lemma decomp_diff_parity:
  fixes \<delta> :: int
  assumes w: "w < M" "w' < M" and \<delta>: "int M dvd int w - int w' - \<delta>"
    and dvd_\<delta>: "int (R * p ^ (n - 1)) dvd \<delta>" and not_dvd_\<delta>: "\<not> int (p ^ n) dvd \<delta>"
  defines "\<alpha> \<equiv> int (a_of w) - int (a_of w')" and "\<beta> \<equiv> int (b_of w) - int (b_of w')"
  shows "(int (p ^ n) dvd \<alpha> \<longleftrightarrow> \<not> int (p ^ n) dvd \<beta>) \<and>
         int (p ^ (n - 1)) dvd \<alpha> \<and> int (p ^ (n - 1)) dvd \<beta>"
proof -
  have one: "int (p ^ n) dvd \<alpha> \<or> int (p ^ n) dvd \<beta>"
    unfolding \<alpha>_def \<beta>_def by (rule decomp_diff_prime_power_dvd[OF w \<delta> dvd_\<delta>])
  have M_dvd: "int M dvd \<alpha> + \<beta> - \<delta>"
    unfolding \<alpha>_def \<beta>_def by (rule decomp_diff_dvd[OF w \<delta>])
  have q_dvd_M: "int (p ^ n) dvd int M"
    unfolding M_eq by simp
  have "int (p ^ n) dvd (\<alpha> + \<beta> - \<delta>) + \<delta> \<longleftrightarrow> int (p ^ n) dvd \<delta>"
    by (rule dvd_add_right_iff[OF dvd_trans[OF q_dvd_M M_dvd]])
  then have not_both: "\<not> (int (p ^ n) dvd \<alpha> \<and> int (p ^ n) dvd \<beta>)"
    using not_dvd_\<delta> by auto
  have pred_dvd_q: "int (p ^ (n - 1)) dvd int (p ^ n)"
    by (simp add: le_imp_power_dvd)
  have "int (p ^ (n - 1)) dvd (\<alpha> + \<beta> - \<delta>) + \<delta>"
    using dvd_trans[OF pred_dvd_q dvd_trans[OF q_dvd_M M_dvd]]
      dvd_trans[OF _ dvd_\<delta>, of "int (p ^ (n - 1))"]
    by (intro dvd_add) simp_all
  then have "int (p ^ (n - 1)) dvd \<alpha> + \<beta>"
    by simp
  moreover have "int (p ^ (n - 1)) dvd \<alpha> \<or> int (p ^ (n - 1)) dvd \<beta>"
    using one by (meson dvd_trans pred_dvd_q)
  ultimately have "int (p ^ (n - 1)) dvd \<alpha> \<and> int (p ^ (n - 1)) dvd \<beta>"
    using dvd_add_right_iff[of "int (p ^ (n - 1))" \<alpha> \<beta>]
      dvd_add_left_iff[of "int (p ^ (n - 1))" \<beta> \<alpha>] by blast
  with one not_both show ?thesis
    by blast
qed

• • • • •

PROBLEM:
Reply with the lines from the first line of the entries through the line that contains "using not_dvd_\<delta> by auto", repeated exactly with both ends kept, and with nothing else.

WRITTEN ANSWER:
lemma decomp_diff_parity:
  fixes \<delta> :: int
  assumes w: "w < M" "w' < M" and \<delta>: "int M dvd int w - int w' - \<delta>"
    and dvd_\<delta>: "int (R * p ^ (n - 1)) dvd \<delta>" and not_dvd_\<delta>: "\<not> int (p ^ n) dvd \<delta>"
  defines "\<alpha> \<equiv> int (a_of w) - int (a_of w')" and "\<beta> \<equiv> int (b_of w) - int (b_of w')"
  shows "(int (p ^ n) dvd \<alpha> \<longleftrightarrow> \<not> int (p ^ n) dvd \<beta>) \<and>
         int (p ^ (n - 1)) dvd \<alpha> \<and> int (p ^ (n - 1)) dvd \<beta>"
proof -
  have one: "int (p ^ n) dvd \<alpha> \<or> int (p ^ n) dvd \<beta>"
    unfolding \<alpha>_def \<beta>_def by (rule decomp_diff_prime_power_dvd[OF w \<delta> dvd_\<delta>])
  have M_dvd: "int M dvd \<alpha> + \<beta> - \<delta>"
    unfolding \<alpha>_def \<beta>_def by (rule decomp_diff_dvd[OF w \<delta>])
  have q_dvd_M: "int (p ^ n) dvd int M"
    unfolding M_eq by simp
  have "int (p ^ n) dvd (\<alpha> + \<beta> - \<delta>) + \<delta> \<longleftrightarrow> int (p ^ n) dvd \<delta>"
    by (rule dvd_add_right_iff[OF dvd_trans[OF q_dvd_M M_dvd]])
  then have not_both: "\<not> (int (p ^ n) dvd \<alpha> \<and> int (p ^ n) dvd \<beta>)"
    using not_dvd_\<delta> by auto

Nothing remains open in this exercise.